Conservation of Energy and Momentum in an Explosion

[JamesG23]

Hey, I have a question about explosions and how kinetic energy works during them. I have outlined my question on the attached image. Please let me know if something is wrong or needs clarifying. Thank you.

 

[Doc Al]

It would be easier to comment if you had typed up your work. But anyway:

Viewed from the lab frame, you calculated the total KE after the explosion = (26m)/4. Sounds good. Not sure why you set that equal to 4m.
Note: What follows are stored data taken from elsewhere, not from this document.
lemma elim_zero_pattern_root:
  assumes affine: "\<forall>L\<in>set Ls. affine_form L"
    and res: "\<forall>i. v i mod elim_modulus M Ls y = w i mod elim_modulus M Ls y"
    and zeros: "\<forall>L\<in>set (elim_forms Ls y). L v = 0 \<longleftrightarrow> L w = 0"
    and Lj: "Lj \<in> set Ls" "affine_coeff Lj y \<noteq> 0" "Lj (v(y := a)) = 0"
  shows "\<exists>b. b mod M = a mod M \<and> (\<forall>L\<in>set Ls. L (v(y := a)) = 0 \<longleftrightarrow> L (w(y := b)) = 0)"
proof -
  let ?g = "affine_coeff Lj y"
  have "affine_form (\<lambda>u. Lj (u(y := 0)))"
    using affine Lj(1) by (blast intro: affine_form_upd_zero)
  then have "Lj (w(y := 0)) mod elim_modulus M Ls y = Lj (v(y := 0)) mod elim_modulus M Ls y"
    by (rule affine_form_mod_cong) (simp add: res)
  then have "elim_modulus M Ls y dvd Lj (w(y := 0)) - Lj (v(y := 0))"
    by (simp add: mod_eq_dvd_iff)
  then have "?g * M dvd Lj (w(y := 0)) - Lj (v(y := 0))"
    using coeff_modulus_dvd_elim_modulus[OF Lj(1,2)] dvd_trans by blast
  moreover have "?g * a + Lj (v(y := 0)) = 0"
    using Lj(3) affine_form_upd[of Lj v y a] affine Lj(1) by simp
  ultimately obtain b where b: "b mod M = a mod M" "?g * b + Lj (w(y := 0)) = 0"
    using exists_cong_root by blast
  have "Lj (w(y := b)) = 0"
    using b(2) affine_form_upd[of Lj w y b] affine Lj(1) by simp
  have "L (v(y := a)) = 0 \<longleftrightarrow> L (w(y := b)) = 0" if L: "L \<in> set Ls" for L
  proof -
    have "cross_form y Lj L \<in> set (elim_forms Ls y)"
      using L Lj(1) unfolding elim_forms_def by auto
    then have "cross_form y Lj L v = 0 \<longleftrightarrow> cross_form y Lj L w = 0"
      using zeros by blast
    then have "?g * L (v(y := a)) = 0 \<longleftrightarrow> ?g * L (w(y := b)) = 0"
      using cross_form_eq[of Lj L y] affine L Lj(1,3) \<open>Lj (w(y := b)) = 0\<close> by simp
    then show ?thesis
      using Lj(2) by simp
  qed
  then show ?thesis
    using b(1) by blast
qed

lemma elim_zero_pattern_no_root:
  assumes affine: "\<forall>L\<in>set Ls. affine_form L" and M: "M > 0"
    and zeros: "\<forall>L\<in>set (elim_forms Ls y). L v = 0 \<longleftrightarrow> L w = 0"
    and no_root: "\<forall>L\<in>set Ls. affine_coeff L y \<noteq> 0 \<longrightarrow> L (v(y := a)) \<noteq> 0"
  shows "\<exists>b. b mod M = a mod M \<and> (\<forall>L\<in>set Ls. L (v(y := a)) = 0 \<longleftrightarrow> L (w(y := b)) = 0)"
proof -
  obtain b where b: "b mod M = a mod M"
    and no_root': "\<forall>L\<in>set Ls. affine_coeff L y \<noteq> 0 \<longrightarrow> affine_coeff L y * b + L (w(y := 0)) \<noteq> 0"
    using exists_cong_avoiding_roots[OF finite_set M,
        where a = a and g = "\<lambda>L. affine_coeff L y" and r = "\<lambda>L. L (w(y := 0))"]
    by blast
  have "L (v(y := a)) = 0 \<longleftrightarrow> L (w(y := b)) = 0" if L: "L \<in> set Ls" for L
  proof (cases "affine_coeff L y = 0")
    case True
    have "(\<lambda>v. L (v(y := 0))) \<in> set (elim_forms Ls y)"
      using L unfolding elim_forms_def by auto
    then have "L (v(y := 0)) = 0 \<longleftrightarrow> L (w(y := 0)) = 0"
      using zeros by fastforce
    then show ?thesis
      using affine_form_upd[of L v y a] affine_form_upd[of L w y b] affine L True by simp
  next
    case False
    then show ?thesis
      using no_root no_root' affine_form_upd[of L w y b] affine L by auto
  qed
  then show ?thesis
    using b by blast
qed

lemma elim_zero_pattern:
  assumes "\<forall>L\<in>set Ls. affine_form L" and "M > 0"
    and "\<forall>i. v i mod elim_modulus M Ls y = w i mod elim_modulus M Ls y"
    and "\<forall>L\<in>set (elim_forms Ls y). L v = 0 \<longleftrightarrow> L w = 0"
  shows "\<exists>b. b mod M = a mod M \<and> (\<forall>L\<in>set Ls. L (v(y := a)) = 0 \<longleftrightarrow> L (w(y := b)) = 0)"
proof (cases "\<exists>Lj\<in>set Ls. affine_coeff Lj y \<noteq> 0 \<and> Lj (v(y := a)) = 0")
  case True
  then obtain Lj where "Lj \<in> set Ls" "affine_coeff Lj y \<noteq> 0" "Lj (v(y := a)) = 0"
    by blast
  then show ?thesis
    by (rule elim_zero_pattern_root[OF assms(1,3,4)])
next
  case False
  then have "\<forall>L\<in>set Ls. affine_coeff L y \<noteq> 0 \<longrightarrow> L (v(y := a)) \<noteq> 0"
    by blast
  then show ?thesis
    by (rule elim_zero_pattern_no_root[OF assms(1,2,4)])
qed

lemma lin_cong_set_project:
  assumes "lin_cong_set S"
  shows "lin_cong_set {v. \<exists>a. v(y := a) \<in> S}"
proof -
  obtain M Ls where M: "M > 0" and affine: "\<forall>L\<in>set Ls. affine_form L"
    and inv: "invariant_mod_zeros M Ls S"
    using assms unfolding lin_cong_set_def by blast
  have "invariant_mod_zeros (elim_modulus M Ls y) (elim_forms Ls y) {v. \<exists>a. v(y := a) \<in> S}"
    unfolding invariant_mod_zeros_def
  proof (intro allI impI)
    fix v w
    assume res: "\<forall>i. v i mod elim_modulus M Ls y = w i mod elim_modulus M Ls y"
      and zeros: "\<forall>L\<in>set (elim_forms Ls y). L v = 0 \<longleftrightarrow> L w = 0"
      and "v \<in> {v. \<exists>a. v(y := a) \<in> S}"
    then obtain a where a: "v(y := a) \<in> S"
      by blast
    obtain b where b: "b mod M = a mod M"
      and same_zeros: "\<forall>L\<in>set Ls. L (v(y := a)) = 0 \<longleftrightarrow> L (w(y := b)) = 0"
      using elim_zero_pattern[OF affine M res zeros] by blast
    have "M dvd elim_modulus M Ls y"
      unfolding elim_modulus_def by simp
    then have "v i mod M = w i mod M" for i
      using res by (metis mod_mod_cancel)
    then have "\<forall>i. (v(y := a)) i mod M = (w(y := b)) i mod M"
      using b by simp
    then have "w(y := b) \<in> S"
      using inv a same_zeros unfolding invariant_mod_zeros_def by blast
    then show "w \<in> {v. \<exists>a. v(y := a) \<in> S}"
      by blast
  qed
  then show ?thesis
    unfolding lin_cong_set_def
    using elim_modulus_pos[OF M] affine_forms_elim_forms[OF affine] by blast
qed


lemma Zadd_iff: "Zadd r xs \<longleftrightarrow> length xs = 3 \<and> xs ! 2 = xs ! 0 + xs ! 1"
  by (auto simp: Zadd_def numeral_3_eq_3 length_Suc_conv)

lemma lin_cong_set_sat_Zadd: "lin_cong_set {v. sat (UNIV :: int set) Zadd \<phi> v}"
proof (induction \<phi>)
  case (Eq i j)
  have "{v. sat (UNIV :: int set) Zadd (Eq i j) v} = {v. v i - v j = 0}"
    by simp
  then show ?case
    using lin_cong_set_zeros[OF affine_form_diff[OF affine_form.var affine_form.var]] by simp
next
  case (Rel r "is")
  show ?case
  proof (cases "length is = 3")
    case True
    have "{v. sat (UNIV :: int set) Zadd (Rel r is) v} = {v. v (is ! 0) + v (is ! 1) - v (is ! 2) = 0}"
      using True by (auto simp: Zadd_iff)
    moreover have "affine_form (\<lambda>v. v (is ! 0) + v (is ! 1) - v (is ! 2))"
      by (intro affine_form_diff affine_form.add affine_form.var)
    ultimately show ?thesis
      by (simp only: lin_cong_set_zeros)
  next
    case False
    then have "{v. sat (UNIV :: int set) Zadd (Rel r is) v} = {v. (1 :: int) = 0}"
      by (simp add: Zadd_iff)
    then show ?thesis
      by (simp only: lin_cong_set_zeros[OF affine_form.const])
  qed
next
  case (Neg \<phi>)
  have "{v. sat (UNIV :: int set) Zadd (Neg \<phi>) v} = - {v. sat UNIV Zadd \<phi> v}"
    by auto
  then show ?case
    using lin_cong_set_Compl[OF Neg] by simp
next
  case (Conj \<phi> \<psi>)
  then show ?case
    using lin_cong_set_Int by (simp add: Collect_conj_eq)
next
  case (Ex i \<phi>)
  then show ?case
    using lin_cong_set_project[of "{v. sat UNIV Zadd \<phi> v}" i] by simp
qed

section \<open>Uniform fibres of \<open>(\<int>, +)\<close>-definable sets\<close>

definition list_valuation :: "(nat \<Rightarrow> 'a) \<Rightarrow> 'a list \<Rightarrow> nat \<Rightarrow> 'a" where
  "list_valuation ps xs = (\<lambda>i. if i < length xs then xs ! i else ps i)"

lemma affine_form_list_valuation_Cons:
  assumes "affine_form L"
  shows "L (list_valuation ps (x # a)) = affine_coeff L 0 * x + L (list_valuation ps (0 # a))"
proof -
  have "list_valuation ps (x # a) = (list_valuation ps (0 # a))(0 := x)"
    "list_valuation ps (0 # a) = (list_valuation ps (0 # a))(0 := 0)"
    by (auto simp: list_valuation_def)
  then show ?thesis
    using affine_form_upd[OF assms] by metis
qed

lemma finite_card_roots:
  fixes g r :: "'a \<Rightarrow> int"
  shows "finite {x. \<exists>L\<in>set Ls. g L \<noteq> 0 \<and> g L * x + r L = 0}"
    and "card {x. \<exists>L\<in>set Ls. g L \<noteq> 0 \<and> g L * x + r L = 0} \<le> length Ls"
proof -
  have sub: "{x. \<exists>L\<in>set Ls. g L \<noteq> 0 \<and> g L * x + r L = 0} \<subseteq> (\<lambda>L. - r L div g L) ` set Ls"
  proof
    fix x
    assume "x \<in> {x. \<exists>L\<in>set Ls. g L \<noteq> 0 \<and> g L * x + r L = 0}"
    then obtain L where L: "L \<in> set Ls" "g L \<noteq> 0" "- r L = g L * x"
      by auto
    then have "x = - r L div g L"
      by simp
    with L(1) show "x \<in> (\<lambda>L. - r L div g L) ` set Ls"
      by blast
  qed
  then show "finite {x. \<exists>L\<in>set Ls. g L \<noteq> 0 \<and> g L * x + r L = 0}"
    using finite_subset by blast
  have "card {x. \<exists>L\<in>set Ls. g L \<noteq> 0 \<and> g L * x + r L = 0} \<le> card ((\<lambda>L. - r L div g L) ` set Ls)"
    using sub by (intro card_mono) auto
  also have "\<dots> \<le> length Ls"
    using card_image_le card_length le_trans by blast
  finally show "card {x. \<exists>L\<in>set Ls. g L \<noteq> 0 \<and> g L * x + r L = 0} \<le> length Ls" .
qed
The KE before explosion = (1/2)m(9) = (18m)/4. Subtract that from the KE after the explosion and see what you get.

 

[JamesG23]

It would be easier to comment if you had typed up your work. But anyway:

Viewed from the lab frame, you calculated the total KE after the explosion = (26m)/4. Sounds good. Not sure why you set that equal to 4m.

The KE before explosion = (1/2)m(9) = (18m)/4. Subtract that from the KE after the explosion and see what you get.

Oh shoot I don't know why I simplified like that. Maybe I thought it was 24/6. Thank you

 

[Baluncore]

I have a question about explosions and how kinetic energy works during them.

In an atmosphere, the explosion of a flying bomb produces a sphere of hot combustion gas that has a very low density compared to the original explosive charge.
That sphere is effectively stopped immediately by it's low mass and the area of it's greater cross-section.
The original KE is not lost, it is just insignificant when applied to the huge mass of atmosphere that encloses the explosion.

 

[Drakkith]

Let's say the bomb pieces are 10kg each.
KE of each piece at ±2 m/s: 1/2mv²=20J
Total KE of bomb pieces: 40 J

KE of both bomb pieces at +3 m/s before detonation: 90 J
KE of bomb piece at +5m/s: 125 J
KE of bomb piece at +1 m/s: 5 J
Total KE of bomb pieces after explosion: 130 J

But look. 125+5-90 = 40 J
The same as when the bomb is stationary!